There are days when it is horrific, when I finish the night in intense pain. But many of the men are respectful and we develop friendships. Theo was one of those.

Jo gives my arm a reassuring squeeze. “Do not think I am judging you. I know how difficult it is to be a young woman in this city. You have done what you needed to do, but I think there is another way. Come with me, work as my housemaid, as a caregiver for Vincent. If I am going to do what needs to be done, I won’t be able to manage on my own. ”

“And what is it that needs to be done?”

“I watched Theo while we were married, accompanied him to all his meetings, visited with both the artists he was looking to acquire paintings from and then also with the dealers. I saw both sides of his business. I must start by convincing the critics that there is something special about Vincent. It will be easier in Holland because he is one of them. And then I can work on the dealers and the galleries. I will go door-to-door if I have to. In his lifetime Theo was unable to make Vincent successful. But he believed he could. He believed in it more than anything. There is a boardinghouse that I can lease in Bussum. We will take in renters to make ends meet.”

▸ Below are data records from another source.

(* For every sequent $\Gamma\Rightarrow\Delta$: if $\Gamma\Rightarrow\Delta$ is provable in $\mathsf{Grz}_\infty+\mathsf{cut}$, then $\Gamma\Rightarrow\Delta$ is provable in $\mathsf{Grz}_\infty$.
   Context: Formulas are built from $\bot$ and atomic propositions $p$ using $\to$ and the unary modality $\Box$. A sequent is an expression $\Gamma\Rightarrow\Delta$ where $\Gamma,\Delta$ are finite multisets of formulas; for a multiset $\Pi=A_1,\dots,A_n$, $\Box\Pi$ denotes $\Box A_1,\dots,\Box A_n$. The sequent calculus $\mathsf{Grz}_\infty$ has initial sequents $\Gamma,p\Rightarrow p,\Delta$ ($p$ atomic) and $\Gamma,\bot\Rightarrow\Delta$, and the rules: $(\to_L)$ from $\Gamma,B\Rightarrow\Delta$ and $\Gamma\Rightarrow A,\Delta$ infer $\Gamma,A\to B\Rightarrow\Delta$; $(\to_R)$ from $\Gamma,A\Rightarrow B,\Delta$ infer $\Gamma\Rightarrow A\to B,\Delta$; $(\mathsf{refl})$ from $\Gamma,B,\Box B\Rightarrow\Delta$ infer $\Gamma,\Box B\Rightarrow\Delta$; $(\Box)$ from the left premise $\Gamma,\Box\Pi\Rightarrow A,\Delta$ and the right premise $\Box\Pi\Rightarrow A$ infer $\Gamma,\Box\Pi\Rightarrow\Box A,\Delta$. The system $\mathsf{Grz}_\infty+\mathsf{cut}$ additionally has the rule $(\mathsf{cut})$: from $\Gamma\Rightarrow A,\Delta$ and $\Gamma,A\Rightarrow\Delta$ infer $\Gamma\Rightarrow\Delta$. An $\infty$-proof in one of these systems is a possibly infinite tree whose nodes are labelled by sequents, built according to the rules of the system, whose leaves are labelled by initial sequents, and such that every infinite branch passes through a right premise of the rule $(\Box)$ infinitely many times. A sequent is provable in the system if there is an $\infty$-proof with root labelled by it. *)

theory Defs
  imports Main "HOL-Library.Multiset"
begin

datatype fm = Bot | Atom nat | Imp fm fm | Box fm

type_synonym sequent = "fm multiset \<times> fm multiset"
lemma plus_four_div_succ_le:
  fixes x y :: real
  assumes "1 \<le> x" "x \<le> y"
  shows "x + 4 / (x + 1) \<le> y + 4 / (y + 1)"
    and "x < y \<Longrightarrow> x + 4 / (x + 1) < y + 4 / (y + 1)"
proof -
  have diff: "y + 4 / (y + 1) - (x + 4 / (x + 1)) = (y - x) * ((x + 1) * (y + 1) - 4) / ((x + 1) * (y + 1))"
    using assms by (simp add: field_simps)
  have "2 * 2 \<le> (x + 1) * (y + 1)" using assms by (intro mult_mono) auto
  then show "x + 4 / (x + 1) \<le> y + 4 / (y + 1)"
    using diff assms by (smt (verit) divide_nonneg_pos mult_nonneg_nonneg)
  assume "x < y"
  then have "2 * 2 < (x + 1) * (y + 1)" using assms by (intro mult_le_less_imp_less) auto
  then show "x + 4 / (x + 1) < y + 4 / (y + 1)"
    using diff assms \<open>x < y\<close> by (smt (verit) divide_pos_pos mult_pos_pos)
qed

text \<open>The change of the local clustering coefficient of a vertex of degree \<open>d\<close> whose
neighbourhood spans \<open>m\<close> edges, when it gets a new neighbour adjacent to \<open>k\<close> of the old ones.\<close>

definition endpoint_gain :: "nat \<Rightarrow> nat \<Rightarrow> nat \<Rightarrow> real" where
  "endpoint_gain d m k = real (m + k) / real (Suc d choose 2) - real m / real (d choose 2)"

lemma endpoint_gain_le:
  assumes "m \<le> d choose 2"
  shows "endpoint_gain d m k \<le> real k / real (Suc d choose 2)"
proof -
  have "real m / real (Suc d choose 2) \<le> real m / real (d choose 2)"
  proof (cases "d choose 2 = 0")
    case True
    with assms show ?thesis by simp
  next
    case False
    have "real (Suc d choose 2) = real (d choose 2) + real d"
      by (simp add: real_choose_two field_simps)
    with False show ?thesis by (intro divide_left_mono) auto
  qed
  then show ?thesis unfolding endpoint_gain_def by (simp add: add_divide_distrib)
qed

lemma endpoint_gain_le_two_div:
  assumes "m \<le> d choose 2" "1 \<le> k" "k \<le> d"
  shows "endpoint_gain d m k \<le> 2 / (real k + 1)"
    and "endpoint_gain d m k = 2 / (real k + 1) \<Longrightarrow> d = k"
proof -
  have "real k / real (Suc d choose 2) = 2 * real k / (real d * (real d + 1))"
    by (simp add: real_choose_two algebra_simps)
  also have "\<dots> \<le> 2 * real d / (real d * (real d + 1))"
    using assms by (intro divide_right_mono) auto
  also have "\<dots> = 2 / (real d + 1)" using assms by simp
  finally have le_d: "endpoint_gain d m k \<le> 2 / (real d + 1)"
    using endpoint_gain_le[OF assms(1), of k] by linarith
  have "2 / (real d + 1) \<le> 2 / (real k + 1)" using assms by (simp add: frac_le)
  with le_d show "endpoint_gain d m k \<le> 2 / (real k + 1)" by linarith
  assume eq: "endpoint_gain d m k = 2 / (real k + 1)"
  show "d = k"
  proof (rule ccontr)
    assume "d \<noteq> k"
    then have "2 / (real d + 1) < 2 / (real k + 1)" using assms by (simp add: field_simps)
    with le_d eq show False by linarith
  qed
qed

lemma endpoint_gain_empty_nbhd:
  assumes "1 \<le> k"
  shows "endpoint_gain k 0 k = 2 / (real k + 1)"
proof -
  have "real (Suc k choose 2) = real k * (real k + 1) / 2" by (simp add: real_choose_two)
  then show ?thesis using assms by (simp add: endpoint_gain_def field_simps)
qed

lemma local_cc_eq_div:
  "local_cc V E w = real (induced_edges E (nbhd V E w)) / real (degree V E w choose 2)"
  unfolding local_cc_def by (auto simp: binomial_eq_0)

definition edges_within :: "('a \<Rightarrow> 'a \<Rightarrow> bool) \<Rightarrow> 'a set \<Rightarrow> 'a set set" where
  "edges_within E S = {e. \<exists>x y. e = {x, y} \<and> x \<in> S \<and> y \<in> S \<and> E x y}"

lemma induced_edges_eq_card: "induced_edges E S = card (edges_within E S)"
  by (simp add: induced_edges_def edges_within_def)

lemma finite_edges_within: "finite S \<Longrightarrow> finite (edges_within E S)"
  by (rule finite_subset[of _ "Pow S"]) (auto simp: edges_within_def)

lemma induced_edges_le_choose_two:
  assumes "finite S" "\<And>x. \<not> E x x"
  shows "induced_edges E S \<le> card S choose 2"
proof -
  have "edges_within E S \<subseteq> {T. T \<subseteq> S \<and> card T = 2}"
    using assms(2) by (auto simp: edges_within_def) (metis card_2_iff)
  then have "card (edges_within E S) \<le> card {T. T \<subseteq> S \<and> card T = 2}"
    by (rule card_mono[rotated]) (use assms(1) in simp)
  then show ?thesis by (simp add: induced_edges_eq_card n_subsets[OF assms(1)])
qed

lemma edges_within_add_edge_outside:
  "\<not> (u \<in> S \<and> v \<in> S) \<Longrightarrow> edges_within (add_edge E u v) S = edges_within E S"
  unfolding edges_within_def add_edge_def by blast

lemma induced_edges_add_edge_inside:
  assumes "finite S" "u \<in> S" "v \<in> S" "u \<noteq> v" "\<not> E u v" "\<not> E v u"
  shows "induced_edges (add_edge E u v) S = Suc (induced_edges E S)"
proof -
  have "edges_within (add_edge E u v) S = insert {u, v} (edges_within E S)"
    using assms unfolding edges_within_def add_edge_def by blast
  moreover have "{u, v} \<notin> edges_within E S"
    using assms by (auto simp: edges_within_def doubleton_eq_iff)
  ultimately show ?thesis
    using finite_edges_within[OF assms(1)] by (simp add: induced_edges_eq_card)
qed

lemma induced_edges_insert:
  assumes "finite S" "v \<notin> S" "\<And>x y. E x y \<Longrightarrow> E y x" "\<not> E v v"
  shows "induced_edges E (insert v S) = induced_edges E S + card {x \<in> S. E v x}"
proof -
  have "edges_within E (insert v S) = edges_within E S \<union> (\<lambda>x. {v, x}) ` {x \<in> S. E v x}"
    using assms(3,4) unfolding edges_within_def by (auto 4 3)
  moreover have "edges_within E S \<inter> (\<lambda>x. {v, x}) ` {x \<in> S. E v x} = {}"
    using assms(2) by (auto simp: edges_within_def doubleton_eq_iff)
  moreover have "inj_on (\<lambda>x. {v, x}) {x \<in> S. E v x}"
    using assms(2) by (auto simp: inj_on_def doubleton_eq_iff)
  ultimately show ?thesis
    using assms(1) finite_edges_within[OF assms(1)]
    by (simp add: induced_edges_eq_card card_Un_disjoint card_image)
qed

lemma finite_nbhd: "finite V \<Longrightarrow> finite (nbhd V E w)"
  unfolding nbhd_def by simp

lemma nbhd_add_edge_other: "w \<noteq> u \<Longrightarrow> w \<noteq> v \<Longrightarrow> nbhd V (add_edge E u v) w = nbhd V E w"
  unfolding nbhd_def add_edge_def by auto

lemma nbhd_add_edge_endpoint:
  "v \<in> V \<Longrightarrow> u \<noteq> v \<Longrightarrow> nbhd V (add_edge E u v) u = insert v (nbhd V E u)"
  unfolding nbhd_def add_edge_def by auto

lemma add_edge_commute: "add_edge E v u = add_edge E u v"
  unfolding add_edge_def by (intro ext) auto

locale nonadjacent_pair =
  fixes V :: "'a set" and E :: "'a \<Rightarrow> 'a \<Rightarrow> bool" and u v :: 'a
  assumes simple: "simple_graph V E"
    and u_in: "u \<in> V" and v_in: "v \<in> V" and u_neq_v: "u \<noteq> v" and not_adj: "\<not> E u v"
begin

abbreviation common :: "'a set" where "common \<equiv> nbhd V E u \<inter> nbhd V E v"
abbreviation rest :: "'a set" where "rest \<equiv> V - {u, v}"
abbreviation max_gain :: real where "max_gain \<equiv> real (card V) - 2 + 4 / (real (card V) - 1)"

lemma finite_V: "finite V"
  and adj_in: "E x y \<Longrightarrow> x \<in> V" "E x y \<Longrightarrow> y \<in> V"
  and adj_sym: "E x y \<Longrightarrow> E y x"
  and irrefl: "\<not> E x x"
  using simple unfolding simple_graph_def by blast+

lemma not_adj_vu: "\<not> E v u"
  using not_adj adj_sym by blast

lemma swap: "nonadjacent_pair V E v u"
  using u_in v_in u_neq_v not_adj adj_sym by unfold_locales (auto intro: simple)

She motions wildly around the room.

“In the end Theo was delirious, but when he was well enough he begged me to carry on his work and to preserve his brother’s legacy. I promised my husband I would continue his dream for Vincent’s art to hang in the greatest galleries in the world. It is a promise I must keep.”

What an impossible dream when thus far she hasn’t even been able to convince Agostina to hang more of them on the walls of Café du Tambourin. But her enthusiasm is infectious and there is something tantalizing in her request. I’ve become so tired of my life here.

“Do you think it is possible? To make something of Vincent’s paintings?” Though I am also asking about me. Is it possible for me to have a different kind of existence?

“Theo thought it was so.” Her words burn with a new intensity. “I have been reading his letters trying to figure out how to be in the world without him and they have pushed me to this decision.”

“What letters?” I ask.

“Theo and Vincent wrote one another hundreds of letters over the past twenty years and both brothers saved their copies. I have been reading through some of them. When I do, it feels as though he is here with me. They remind me of what a good man Theo was and how much these paintings meant to him. They remind me that I cannot abandon them, not yet. Not yet.”

A knot twists in my stomach, heavy and unyielding. What else does Theo reveal in those letters to his brother? Letters he never thought his wife would read.

“Please do this with me, Claire,” she pleads.

“If I succeed in this, we can both have a better life. I truly believe that bringing you along with me is what Theo would have desired. I know that my dear husband would want the two of us to help one another. It has to be you.” Do I imagine her gaze hardening?

Does she know more about my past with her husband than I assumed? Oh, Theo, what did you write in your letters about me?